September is not only a month of markets and festivals, but also of the return from the mountain pastures. Thanksgiving also begins, while continuing in October.
In the afternoon of the Sunday following the first of September (Ägidi-St.Giles’s Day) a fair, the “Wiesenmarkt mit Freyungaustragen”, is held at Bleiburg (Carinthia). The Freyung is a tall decorated pole to which a shield depicting a sword is attached, and it is displayed at the market to demonstrate the oversight exercised by Duke Albrecht of Austria, who granted permission for the market on March 16th 1393.
The same symbol plays a role at another “Wiesenmarkt”, this one held around the 29th of September (Michaeli) at St.

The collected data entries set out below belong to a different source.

(* Let $G$ be a connected graph with a pendant vertex $u$, and let $v$ be the unique neighbour of $u$, assumed to be a cut-vertex of $G$. If $G-\{v,u\}$ has at least two connected components, then $u$ is not a basis forced vertex of $G$.
   Context: All graphs are finite and simple. A pendant is a vertex with exactly one neighbour; a cut-vertex is a vertex $v$ such that $G-v$ is disconnected. For vertices $x,y$ of a connected graph $G$, $d(x,y)$ is the length of a shortest $x$–$y$ path. A set $R\subseteq V(G)$ is a resolving set if for all distinct $x,y\in V(G)$ there is $r\in R$ with $d(r,x)\neq d(r,y)$. The metric dimension $\dim(G)$ is the minimum cardinality of a resolving set, and a resolving set of cardinality $\dim(G)$ is a metric basis. A vertex is a basis forced vertex if it belongs to every metric basis of $G$. *)

theory Defs
  imports Main
begin

definition simple_graph :: "'a set \<Rightarrow> ('a \<Rightarrow> 'a \<Rightarrow> bool) \<Rightarrow> bool" where
  "simple_graph V E \<longleftrightarrow> finite V \<and> (\<forall>x y. E x y \<longrightarrow> E y x) \<and> (\<forall>x. \<not> E x x)
     \<and> (\<forall>x y. E x y \<longrightarrow> x \<in> V \<and> y \<in> V)"

text \<open>Walks in the subgraph induced by V, as vertex lists.\<close>
definition is_walk :: "'a set \<Rightarrow> ('a \<Rightarrow> 'a \<Rightarrow> bool) \<Rightarrow> 'a list \<Rightarrow> bool" where
  "is_walk V E p \<longleftrightarrow> p \<noteq> [] \<and> set p \<subseteq> V \<and> (\<forall>i. Suc i < length p \<longrightarrow> E (p ! i) (p ! Suc i))"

Veit an der Clan (Carinthia). It is the largest local fair in Carinthia and one of the most important cattle-markets in Austria.
On the Monday and Tuesday following the first of September, Graz, the capital of the province of Styria, is the scene of the third “Fetzenmarkt” (rag-fair) of the year, called “Ägidimarkt”.
The third Sunday in September is the date of the “Rosalienkirtag” (Rosalia kermis) on the Hemmaberg (Carinthia). The veneration of the Saint in the grotto beneath the church has been certified since 1669. The water of the “Rosalienquelle” (Rosalia fountain) is said to be good for eye diseases, a healing power often ascribed to holy sources in the vicinity of places of worship.
The same Sunday is called “Kroatensonntag” (Croats’ Sunday) at the pilgrimage place of Maria Loretto (Burgenland), an important date for the Croatian minority of the Burgenland which is concentrated mainly in the villages of Siegendorf, Hornstein and Stinatz. The choice of this particular Sunday is due, in both cases, to the high veneration St. Rosalia enjoys among the Slavs (the Hemmaberg is situated in a part of Carinthia with a mixed Slovenian and German speaking population).
Relatively close to this date, which is important for ethnic minorities, the Church has proclaimed the last Sunday in September “Ausländersonntag” (Foreigners’ Sunday) in order to promote mutual understanding between different cultures.
In the Vienna City Hall, a “Tag der offenen Tür” (open day) has been organized on the third Saturday of September since 1966 to make citizens and guests of the city acquainted with the urban institutions, and to help surmount the barriers between citizens and the city administration.
From the middle of September well into October, a significant number of customs relate to the rural working-year, as for example “Almabtrieb” or “Alpabfahrt” (return of the cattle from the mountain pastures) or “Erntedank” (thanksgiving).
The “Alpabfahrt”, with adorned cattle and musical accompaniment takes place on September 14th at Egg and Hohenems (Vorarlberg), and on the following day (September 15th) at Schwarzenberg (Vorarlberg), where a cattlemarket is held. In Vorarlberg (in contrast to the other Austrian provinces) only male workers have traditionally been employed as cow-herds in the mountain pastures, because the huge Swiss cheeses would have been too heavy for women.
On the fourth Sunday in September, a thanksgiving procession carrying a remarkable harvest crown and several statues moves through the pilgrimage place of Maria Luggau (Carinthia).
In Eben (Tyrol) a procession in honour of Notburga takes place on the Sunday following September 14th. Notburga is not a canonized Saint. Nevertheless, her local veneration has been recognized by the church since 1862. She worked as a maid on a farm, so she is always depicted in working clothes, bearing a sickle in her hand. She is mostly venerated by farm-hands, especially by the women, whereas the male workers as well as the farmers consider St. Isidore as their patron - a special procession on the first Sunday in July is devoted to him at Untermieming (Tyrol).